In this article, we demonstrate how to solve problem 11 of the Advent of Code 2022 using pure TensorFlow. While TensorFlow is primarily known for its applications in deep learning and neural networks, it offers powerful and flexible tools for working with tensors and performing computations on them. The problem at hand revolves around the interactions of multiple monkeys inspecting items, making decisions based on their worry levels, and following a set of rules. By leveraging TensorFlow’s features, such as
tf.function, we can implement an efficient and elegant solution to this challenging puzzle. We will delve into the code, analyze different sections, and explain the rationale behind the various techniques used. Furthermore, this article provides insights into how TensorFlow can be employed for solving complex problems beyond its traditional applications in machine learning.
Day 11: Monkey in the Middle
In the Advent of Code 2022 problem 11, you are tasked with predicting the behavior of monkeys who have stolen your items. The monkeys operate based on your worry level for each item. The input consists of a description of multiple monkeys, including their starting items (represented by worry levels), an operation to modify the worry level, a test to decide where to throw the item, and the destination monkeys for both true and false test outcomes. The monkeys take turns inspecting and throwing items in rounds.
The input dataset looks like
Monkey 0: Starting items: 79, 98 Operation: new = old * 19 Test: divisible by 23 If true: throw to monkey 2 If false: throw to monkey 3 Monkey 1: Starting items: 54, 65, 75, 74 Operation: new = old + 6 Test: divisible by 19 If true: throw to monkey 2 If false: throw to monkey 0 [...]
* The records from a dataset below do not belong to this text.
lemma index_pencil_blocks:
  assumes "i < d" "j < d" "k < n" "m < n"
  shows "pencil n d A z $$ (i * n + k, j * n + m) =
    (if Suc i < d then (if j = i \<and> m = k then z else 0) - (if j = Suc i \<and> m = k then 1 else 0)
     else (if j = i then - z * A d $$ (k, m) else 0) - A j $$ (k, m))"
  using assms block_index_less[of i d k n] block_index_less[of j d m n]
  by (auto simp: compA_def compB_def)

lemma pencil_mult_vec_upper_block:
  assumes "v \<in> carrier_vec (n * d)" "Suc i < d" "k < n"
  shows "(pencil n d A z *\<^sub>v v) $ (i * n + k) = z * v $ (i * n + k) - v $ (Suc i * n + k)"
proof -
  have "(pencil n d A z *\<^sub>v v) $ (i * n + k) = (\<Sum>j<d. \<Sum>m<n.
      (if j = i \<and> m = k then z * v $ (j * n + m) else 0) - (if j = Suc i \<and> m = k then v $ (j * n + m) else 0))"
    using assms by (auto simp: mult_mat_vec_blocks[OF pencil_carrier] index_pencil_blocks intro!: sum.cong)
  then show ?thesis using assms by (simp add: sum_subtractf sum_blocks_delta)
qed

lemma pencil_mult_vec_last_block:
  assumes "v \<in> carrier_vec (n * d)" "d = Suc e" "k < n"
  shows "(pencil n d A z *\<^sub>v v) $ (e * n + k) =
    - z * (\<Sum>m<n. A d $$ (k, m) * v $ (e * n + m)) - (\<Sum>j<d. \<Sum>m<n. A j $$ (k, m) * v $ (j * n + m))"
proof -
  have "(pencil n d A z *\<^sub>v v) $ (e * n + k) = (\<Sum>j<d. \<Sum>m<n.
      (if j = e then - z * (A d $$ (k, m) * v $ (e * n + m)) else 0) - A j $$ (k, m) * v $ (j * n + m))"
    using assms by (auto simp: mult_mat_vec_blocks[OF pencil_carrier] index_pencil_blocks left_diff_distrib
        intro!: sum.cong)
  also have "\<dots> = - z * (\<Sum>m<n. A d $$ (k, m) * v $ (e * n + m))
      - (\<Sum>j<d. \<Sum>m<n. A j $$ (k, m) * v $ (j * n + m))"
    using assms by (simp add: sum_subtractf sum_distrib_left sum.swap[of _ "{..<d}"])
  finally show ?thesis .
qed

lemma adjoint_pencil_mult_vec_block:
  assumes "v \<in> carrier_vec (n * d)" "d = Suc e" "j < d" "k < n"
  shows "(ctrans (pencil n d A z) *\<^sub>v v) $ (j * n + k) =
    (if j < e then cnj z * v $ (j * n + k) else 0) - (if 0 < j then v $ ((j - 1) * n + k) else 0)
    - (if j = e then cnj z * (\<Sum>m<n. cnj (A d $$ (m, k)) * v $ (e * n + m)) else 0)
    - (\<Sum>m<n. cnj (A j $$ (m, k)) * v $ (e * n + m))"
proof -
  let ?L = "pencil n d A z"
  have "(ctrans ?L *\<^sub>v v) $ (j * n + k) =
      (\<Sum>i<d. \<Sum>m<n. cnj (?L $$ (i * n + m, j * n + k)) * v $ (i * n + m))"
    unfolding mult_mat_vec_blocks[OF ctrans_carrier_mat[OF pencil_carrier] assms(1,3,4)]
    using assms(3,4) block_index_less carrier_matD[OF pencil_carrier] by (intro sum.cong refl) simp
  also have "\<dots> = (\<Sum>i<e. \<Sum>m<n.
        (if i = j \<and> m = k then cnj z * v $ (i * n + m) else 0)
        - (if Suc i = j \<and> m = k then v $ (i * n + m) else 0))
      + (\<Sum>m<n. (if j = e then - cnj z * (cnj (A d $$ (m, k)) * v $ (e * n + m)) else 0)
          - cnj (A j $$ (m, k)) * v $ (e * n + m))"
    using assms unfolding assms(2) sum.lessThan_Suc
    by (intro arg_cong2[where f = "(+)"] sum.cong refl) (auto simp: index_pencil_blocks left_diff_distrib)
  also have "\<dots> = (if j < e then cnj z * v $ (j * n + k) else 0) - (if 0 < j then v $ ((j - 1) * n + k) else 0)
      - (if j = e then cnj z * (\<Sum>m<n. cnj (A d $$ (m, k)) * v $ (e * n + m)) else 0)
      - (\<Sum>m<n. cnj (A j $$ (m, k)) * v $ (e * n + m))"
    using assms by (cases "j = e")
      (auto simp: sum_subtractf sum_negf sum_blocks_delta sum_blocks_delta_Suc sum_distrib_left)
  finally show ?thesis .
qed

lemma pencil_solution_first_block_index:
  assumes d: "d = Suc e" and X: "X \<in> carrier_vec (n * d)" and LX: "pencil n d A z *\<^sub>v X = Y"
    and k: "k < n"
  shows "(matpoly n d A z *\<^sub>v blk n X 0) $ k = - Y $ (e * n + k) - (\<Sum>m<n. A d $$ (k, m) * Y $ (e * n + m))
    + (\<Sum>i\<in>{1..d}. \<Sum>m<n. A i $$ (k, m) * (\<Sum>j<i. z ^ (i - 1 - j) * Y $ (j * n + m)))"
proof -
  have "(matpoly n d A z *\<^sub>v blk n X 0) $ k = (\<Sum>m<n. (\<Sum>j\<le>d. z ^ j * A j $$ (k, m)) * X $ (0 * n + m))"
    unfolding index_mult_mat_vec_sum[OF matpoly_carrier blk_carrier k] by (simp add: k index_matpoly)
  also have "\<dots> = - Y $ (e * n + k) - (\<Sum>m<n. A d $$ (k, m) * Y $ (e * n + m))
    + (\<Sum>i\<in>{1..d}. \<Sum>m<n. A i $$ (k, m) * (\<Sum>j<i. z ^ (i - 1 - j) * Y $ (j * n + m)))"
  proof (rule companion_first_block_elimination[OF d, where x = "\<lambda>i m. X $ (i * n + m)"
        and y = "\<lambda>i m. Y $ (i * n + m)" and a = "\<lambda>j m. A j $$ (k, m)"])
    show "X $ (Suc i * n + m) = z * X $ (i * n + m) - Y $ (i * n + m)" if "i < e" "m < n" for i m
      using pencil_mult_vec_upper_block[OF X, where i = i and k = m and A = A and z = z] that d LX by simp
    show "- z * (\<Sum>m<n. A d $$ (k, m) * X $ (e * n + m)) - (\<Sum>j<d. \<Sum>m<n. A j $$ (k, m) * X $ (j * n + m))
        = Y $ (e * n + k)"
      using pencil_mult_vec_last_block[OF X d k, where A = A and z = z] LX by simp
  qed
  finally show ?thesis .
qed

lemma pencil_unit:
  assumes "0 < d" and P: "matpoly n d A z \<in> Units (ring_mat TYPE(complex) n b)"
  shows "pencil n d A z \<in> Units (ring_mat TYPE(complex) (n * d) b)"
proof (rule unit_if_trivial_kernel[OF pencil_carrier])
  fix v assume v: "v \<in> carrier_vec (n * d)" and Lv: "pencil n d A z *\<^sub>v v = 0\<^sub>v (n * d)"
  obtain e where d: "d = Suc e" using assms(1) by (cases d) auto
  have zero: "0\<^sub>v (n * d) $ (j * n + m) = (0 :: complex)" if "j < d" "m < n" for j m
    using block_index_less[OF that] by simp
  have "matpoly n d A z *\<^sub>v blk n v 0 = 0\<^sub>v n"
  proof (rule eq_vecI)
    fix k assume "k < dim_vec (0\<^sub>v n :: complex vec)"
    then have k: "k < n" by simp
    have "(\<Sum>i\<in>{1..d}. \<Sum>m<n. A i $$ (k, m) * (\<Sum>j<i. z ^ (i - 1 - j) * 0\<^sub>v (n * d) $ (j * n + m))) = 0"
      using zero by (intro sum.neutral ballI) auto
    then show "(matpoly n d A z *\<^sub>v blk n v 0) $ k = 0\<^sub>v n $ k"
      using pencil_solution_first_block_index[OF d v Lv k] zero d k by simp
  qed (simp add: carrier_matD[OF matpoly_carrier])
  then have "blk n v 0 = minv (matpoly n d A z) *\<^sub>v 0\<^sub>v n"
    by (rule minv_mult_vec_eqI[OF matpoly_carrier P blk_carrier])
  then have block0: "blk n v 0 = 0\<^sub>v n"
    using minv_inverse(1)[OF matpoly_carrier P] by auto
  have blocks: "v $ (i * n + m) = 0" if "i < d" "m < n" for i m
    using that
  proof (induction i)
    case 0
    then show ?case using arg_cong[OF block0, of "\<lambda>u. u $ m"] by simp
  next
    case (Suc i)
    then show ?case
      using pencil_mult_vec_upper_block[OF v, where i = i and k = m and A = A and z = z] Lv zero[of i m]
      by simp
  qed
  show "v = 0\<^sub>v (n * d)"
  proof (rule eq_vecI)
    fix r assume "r < dim_vec (0\<^sub>v (n * d) :: complex vec)"
    then have r: "r < n * d" by simp
    then have "r div n < d" "r mod n < n"
      by (simp_all add: less_mult_imp_div_less mult.commute) (cases n; simp)
    then show "v $ r = 0\<^sub>v (n * d) $ r" using blocks r by (metis div_mult_mod_eq index_zero_vec(1))
  qed (use v in simp)
qed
Each monkey has several attributes: Starting items, Operation, Test, If true, and If false. In the example above, Monkey 0 starts with items that have worry levels of 79 and 98. The monkey modifies the worry level by multiplying it by 19. It then checks if the modified worry level is divisible by 23. If it is, Monkey 0 throws the item to Monkey 2; otherwise, it throws the item to Monkey 3.
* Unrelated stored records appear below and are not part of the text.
lemma echo_quorum_mono:
  assumes "echo_quorum n f i net a v" "net \<subseteq> net'"
  shows "echo_quorum n f i net' a v"
proof -
  have "count_parties n (\<lambda>l. (l, i, Echo a v) \<in> net) \<le> count_parties n (\<lambda>l. (l, i, Echo a v) \<in> net')"
    by (rule count_parties_mono) (use assms(2) in blast)
  with assms(1) show ?thesis
    unfolding echo_quorum_def by linarith
qed

text \<open>Besides the echoes already sent, this counts those party \<open>i\<close> is committed to in its
current view: an echo may wait in \<open>join\<close> for the receiver's request, or in \<open>echo_pending\<close>
for enough proofs.\<close>

definition echo_values :: "nat \<Rightarrow> 'v pstate \<Rightarrow> (nat \<times> nat \<times> 'v msg) set \<Rightarrow> int \<Rightarrow> 'v set" where
  "echo_values i s net v = {a. (\<exists>r. (i, r, Echo a v) \<in> net) \<or>
     (view s = v \<and> (Echo a v \<in> join s \<or> echo_pending s = Some a))}"

text \<open>The conjuncts about echoes make uniqueness per view inductive: echoes are sent only in
the current view, so a freshly entered view (whose per-view state is reset) has none, and no
echo is committed before a proposal of the primary is recorded in \<open>rcvd\<close>, since only the
first such proposal triggers one.\<close>

definition party_inv :: "nat \<Rightarrow> nat \<Rightarrow> nat \<Rightarrow> 'v pstate \<Rightarrow> (nat \<times> nat \<times> 'v msg) set \<Rightarrow> bool" where
  "party_inv n f i s net \<longleftrightarrow>
   (\<forall>l m. (l, m) \<in> rcvd s \<longrightarrow> (l, i, m) \<in> net) \<and>
   (\<forall>a v. Echo a v \<in> join s \<longrightarrow> v = view s) \<and>
   (\<forall>a v r. (i, r, Echo a v) \<in> net \<longrightarrow> v \<le> view s) \<and>
   (\<forall>v a b. a \<in> echo_values i s net v \<longrightarrow> b \<in> echo_values i s net v \<longrightarrow> a = b) \<and>
   (\<not> has_propose_from s (primary n (view s)) \<longrightarrow> echo_values i s net (view s) = {}) \<and>
   (\<forall>a v. Key1 a v \<in> join s \<longrightarrow> echo_quorum n f i net a v) \<and>
   (\<forall>a v r. (i, r, Key1 a v) \<in> net \<longrightarrow> echo_quorum n f i net a v)"
lemma gap_rep:
  assumes "k \<ge> 3"
  shows "\<exists>S. val S = 1 + ginv ^ k \<and> 2 \<le> length S \<and> (length S = 2 \<longrightarrow> sum_list S < k) \<and>
             (\<forall>c \<ge> -2. cost c S \<le> fibZ c + fibZ (int k + c))"
proof -
  have "k = 3 \<or> (\<exists>n. k = 2 * n + 3 \<and> n \<ge> 1) \<or> (\<exists>n. k = 2 * n + 4)"
    using assms by presburger
  then consider "k = 3" | n where "k = 2 * n + 3" "n \<ge> 1" | n where "k = 2 * n + 4"
    by blast
  then show ?thesis
  proof cases
    case 1
    have "val [1, 1] = 1 + ginv ^ 3"
      by (simp add: ginv_cube)
    moreover have "cost c [1, 1] \<le> fibZ c + fibZ (3 + c)" if "c \<ge> -2" for c
      using fibZ_rec[of c] fibZ_rec[of "c + 1"] fibZ_nonneg[OF that] by (simp add: ac_simps)
    ultimately show ?thesis using 1 by (intro exI[of _ "[1, 1]"]) simp
  next
    case 2
    then obtain S where S: "val S = 1 + ginv ^ k" "length S = n + 2"
      "\<And>c. cost c S + fibZ c = fibZ (int k + c)"
      using odd_gap_rep[of n] by auto
    have "cost c S \<le> fibZ c + fibZ (int k + c)" if "c \<ge> -2" for c
      using S(3)[of c] fibZ_nonneg[OF that] by linarith
    then show ?thesis using S(1,2) 2 by (intro exI[of _ S]) auto
  next
    case 3
    then show ?thesis using even_gap_rep[of n] by fastforce
  qed
qed

lemma sum_list_map_mset_eq:
  fixes g :: "'a \<Rightarrow> 'b::comm_monoid_add"
  assumes "mset xs = mset ys"
  shows "sum_list (map g xs) = sum_list (map g ys)"
proof -
  have "sum_list (map g zs) = sum_mset (image_mset g (mset zs))" for zs
    by (induction zs) auto
  then show ?thesis using assms by simp
qed

lemma wide_pair_exchange:
  assumes xy: "x \<in> set xs" "y \<in> set xs" and gap: "x + 3 \<le> y"
  shows "\<exists>ys. val ys = val xs \<and> (\<forall>c \<ge> -2. cost c ys \<le> cost c xs) \<and>
              (length xs < length ys \<or> length ys = length xs \<and> sum_list ys < sum_list xs)"
proof -
  define rest where "rest = remove1 x (remove1 y xs)"
  have pick: "mset zs = add_mset a (mset (remove1 a zs))" if "a \<in> set zs" for a :: nat and zs
    using that by simp
  have "x \<in> set (remove1 y xs)" using xy gap by (simp add: in_set_remove1)
  then have "mset xs = mset (x # y # rest)"
    using pick[OF xy(2)] pick[of x "remove1 y xs"] by (simp add: rest_def add_mset_commute)
  then have xs_split: "sum_list (map g xs) = g x + g y + sum_list (map g rest)"
    for g :: "nat \<Rightarrow> 'a::comm_monoid_add"
    by (simp add: sum_list_map_mset_eq[of xs "x # y # rest"] add.assoc)
  have "3 \<le> y - x" using gap by simp
  from gap_rep[OF this] obtain S where S: "val S = 1 + ginv ^ (y - x)" "2 \<le> length S"
    "length S = 2 \<longrightarrow> sum_list S < y - x"
    "\<And>c. c \<ge> -2 \<Longrightarrow> cost c S \<le> fibZ c + fibZ (int (y - x) + c)"
    by blast
  define ys where "ys = map ((+) x) S @ rest"
  have "ginv ^ x * ginv ^ (y - x) = ginv ^ y" using gap by (simp flip: power_add)
  then have "val ys = ginv ^ x + ginv ^ y + val rest"
    by (simp add: ys_def val_shift S(1) distrib_left)
  also have "\<dots> = val xs" using xs_split[of "\<lambda>i. ginv ^ i"] by (simp add: val_def)
  finally have "val ys = val xs" .
  moreover have "cost c ys \<le> cost c xs" if "c \<ge> -2" for c
  proof -
    have "cost c ys \<le> fibZ (int x + c) + fibZ (int y + c) + cost c rest"
      using S(4)[of "int x + c"] that gap by (simp add: ys_def cost_shift algebra_simps of_nat_diff)
    also have "\<dots> = cost c xs" using xs_split[of "\<lambda>i. fibZ (int i + c)"] by (simp add: cost_def)
    finally show ?thesis .
  qed
  moreover have "length xs < length ys \<or> length ys = length xs \<and> sum_list ys < sum_list xs"
  proof -
    have "sum_list (map ((+) x) S) = length S * x + sum_list S" by (induction S) auto
    then have "sum_list ys = length S * x + sum_list S + sum_list rest" by (simp add: ys_def)
    moreover have "sum_list xs = x + y + sum_list rest" using xs_split[of id] by simp
    moreover have "length xs = 2 + length rest"
      using xs_split[of "\<lambda>_. 1::nat"] by (simp add: sum_list_triv)
    ultimately have sums: "sum_list ys + (x + y) = length S * x + sum_list S + sum_list xs"
      and lens: "length xs = 2 + length rest" by simp_all
    show ?thesis
    proof (cases "length S = 2")
      case True
      then show ?thesis using sums S(3) gap by (simp add: ys_def lens)
    next
      case False
      then show ?thesis using S(2) by (simp add: ys_def lens)
    qed
  qed
  ultimately show ?thesis by blast
qed

lemma lex_optimal_exists:
  fixes P :: "nat list \<Rightarrow> bool"
  assumes "P xs0" and "\<And>xs. P xs \<Longrightarrow> length xs \<le> N"
  shows "\<exists>xs. P xs \<and> (\<forall>ys. P ys \<longrightarrow> length ys \<le> length xs) \<and>
              (\<forall>ys. P ys \<and> length ys = length xs \<longrightarrow> sum_list xs \<le> sum_list ys)"
proof -
  obtain xs1 where xs1: "P xs1" "\<And>ys. P ys \<Longrightarrow> length ys \<le> length xs1"
    using Lattices_Big.ex_has_greatest_nat[of P xs0 length "Suc N"] assms by (auto simp: less_Suc_eq_le)
  obtain xs where "P xs \<and> length xs = length xs1"
    "\<And>ys. P ys \<and> length ys = length xs1 \<Longrightarrow> sum_list xs \<le> sum_list ys"
    using ex_has_least_nat[of "\<lambda>xs. P xs \<and> length xs = length xs1" xs1 sum_list] xs1(1) by blast
  then show ?thesis using xs1(2) by auto
qed

lemma is_rep_iff: "is_rep xs \<alpha> \<longleftrightarrow> sorted xs \<and> val xs = \<alpha>"
  unfolding is_rep_def val_def ginv_def by auto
The monkeys take turns inspecting and throwing items in rounds. In the first round, Monkey 0 inspects the first item with a worry level of 79. So a simulation of the first round for the Monkey 0 looks like
Monkey inspects an item with a worry level of 79. Worry level is multiplied by 19 to 1501. Monkey gets bored with item. Worry level is divided by 3 to 500. Current worry level is not divisible by 23. Item with worry level 500 is thrown to monkey 3.
The goal is to find the two most active monkeys after 20 rounds for part 1 and 20000 for part 2.
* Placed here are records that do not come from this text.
lemma sesq_form_uuv:
  assumes "u \<in> C1" "u' \<in> C1" "v \<in> C2" "v' \<in> C2"
  shows "sesq_form \<sigma> (2 * n) (vec_concat n u (u + v)) (vec_concat n u' (u' + v')) =
    sesq_form \<sigma> n u v' + sesq_form \<sigma> n v u'"
proof -
  have vv: "sesq_form \<sigma> n v v' = 0"
    using C2_self_orthogonal assms(3,4) by (auto simp: sesq_dual_def)
  have uu: "sesq_form \<sigma> n u u' + sesq_form \<sigma> n u u' = 0"
    using char_2_or_C1_self_orthogonal
  proof
    assume "CHAR('a) = 2"
    then have "(2 :: 'a) = 0" using of_nat_CHAR[where 'a = 'a] by simp
    then show ?thesis by (metis mult_2 mult_zero_left)
  next
    assume "C1 \<subseteq> sesq_dual \<sigma> n C1"
    then show ?thesis using assms(1,2) by (auto simp: sesq_dual_def)
  qed
  have "sesq_form \<sigma> (2 * n) (vec_concat n u (u + v)) (vec_concat n u' (u' + v')) =
      sesq_form \<sigma> n u u' + sesq_form \<sigma> n (u + v) (u' + v')"
    by (rule sesq_form_vec_concat)
  also have "\<dots> = (sesq_form \<sigma> n u u' + sesq_form \<sigma> n u u') +
      (sesq_form \<sigma> n u v' + sesq_form \<sigma> n v u') + sesq_form \<sigma> n v v'"
    by (simp only: sesq_form_add_left sesq_form_add_right ac_simps)
  also have "\<dots> = sesq_form \<sigma> n u v' + sesq_form \<sigma> n v u'"
    by (simp only: uu vv add_0_left add_0_right)
  finally show ?thesis .
qed

lemma vec_concat_in_sesq_dual_uuv_iff:
  assumes "u \<in> C1" "v \<in> C2"
  shows "vec_concat n u (u + v) \<in> sesq_dual \<sigma> (2 * n) (uuv n C1 C2) \<longleftrightarrow>
    u \<in> sesq_dual \<sigma> n C2 \<and> v \<in> sesq_dual \<sigma> n C1"
proof -
  have "vec_concat n u (u + v) \<in> sesq_dual \<sigma> (2 * n) (uuv n C1 C2) \<longleftrightarrow>
      (\<forall>u'\<in>C1. \<forall>v'\<in>C2.
        sesq_form \<sigma> (2 * n) (vec_concat n u (u + v)) (vec_concat n u' (u' + v')) = 0)"
    unfolding sesq_dual_def uuv_eq using vec_concat_in_vecs by blast
  also have "\<dots> \<longleftrightarrow> (\<forall>u'\<in>C1. \<forall>v'\<in>C2. sesq_form \<sigma> n u v' + sesq_form \<sigma> n v u' = 0)"
    using assms by (simp add: sesq_form_uuv)
  also have "\<dots> \<longleftrightarrow> (\<forall>v'\<in>C2. sesq_form \<sigma> n u v' = 0) \<and> (\<forall>u'\<in>C1. sesq_form \<sigma> n v u' = 0)"
    using vs.subspace_0[OF C1(1)] vs.subspace_0[OF C2(1)] by fastforce
  also have "\<dots> \<longleftrightarrow> u \<in> sesq_dual \<sigma> n C2 \<and> v \<in> sesq_dual \<sigma> n C1"
    using assms C1(2) C2(2) by (auto simp: sesq_dual_def)
  finally show ?thesis .
qed

lemma uuv_subset_sesq_dual_iff:
  "uuv n C1 C2 \<subseteq> sesq_dual \<sigma> (2 * n) (uuv n C1 C2) \<longleftrightarrow> C1 \<subseteq> sesq_dual \<sigma> n C2"
proof -
  have "uuv n C1 C2 \<subseteq> sesq_dual \<sigma> (2 * n) (uuv n C1 C2) \<longleftrightarrow>
      (\<forall>u\<in>C1. \<forall>v\<in>C2. vec_concat n u (u + v) \<in> sesq_dual \<sigma> (2 * n) (uuv n C1 C2))"
    unfolding uuv_eq by blast
  also have "\<dots> \<longleftrightarrow> (\<forall>u\<in>C1. \<forall>v\<in>C2. u \<in> sesq_dual \<sigma> n C2 \<and> v \<in> sesq_dual \<sigma> n C1)"
    by (simp add: vec_concat_in_sesq_dual_uuv_iff)
  also have "\<dots> \<longleftrightarrow> C1 \<subseteq> sesq_dual \<sigma> n C2 \<and> C2 \<subseteq> sesq_dual \<sigma> n C1"
    using vs.subspace_0[OF C1(1)] vs.subspace_0[OF C2(1)] by blast
  finally show ?thesis
    using subset_sesq_dual_commute[OF C1(2) C2(2)] by blast
qed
The level of monkey business is determined by multiplying the total number of times these two most active monkeys inspected items over the rounds.
Parsing the input
To begin, we read the input data using TensorFlow’s
tf.data.TextLineDataset and concatenate it with an empty line. This way, we can detect when the dataset ends and reset the monkey state accordingly. We then create a dataset using the
scan method to extract information about the monkeys and their operations. The
init function is used to process all the input dataset and forwarding a state on each iteration, being used inside the
scan method. We use the
pos variable to to keep track of the read line, knowing that in the dataset every monkey information is separated by an empty line from the next monkey info.
dataset = tf.data.TextLineDataset(input_path.as_posix()) dataset = dataset.concatenate(tf.data.Dataset.from_tensors([""])) monkey = tf.Variable(["", "", "", "", "", ""], dtype=tf.string) monkey_id = tf.Variable(-1) pos = tf.Variable(0) initial_state = tf.constant(["", "", "", "", "", ""]) def init(old_state, line): if tf.equal(line, ""): monkey.assign(old_state, use_locking=True) pos.assign(0) return initial_state, True if tf.strings.regex_full_match(line, r"^Monkey \d*:$"): items = tf.strings.split(tf.strings.split([line], " "), ":") updates = [items] elif tf.equal(pos, 1): items = tf.strings.strip(tf.strings.split([line], ":")) updates = [items] elif tf.equal(pos, 2): op = tf.strings.strip(tf.strings.split([line], "=")) updates = [op] elif tf.equal(pos, 3): divisible_by = tf.strings.strip(tf.strings.split([line], " "))[-1] updates = [divisible_by] else: # if tf.reduce_any([tf.equal(pos, 4), tf.equal(pos, 5)]): monkey_dest = tf.strings.strip(tf.strings.split([line], " "))[-1] updates = [monkey_dest] indices = tf.reshape(pos, (1, 1)) new_state = tf.tensor_scatter_nd_update(old_state, indices, updates) pos.assign_add(1) return new_state, False dataset = dataset.scan(initial_state, init)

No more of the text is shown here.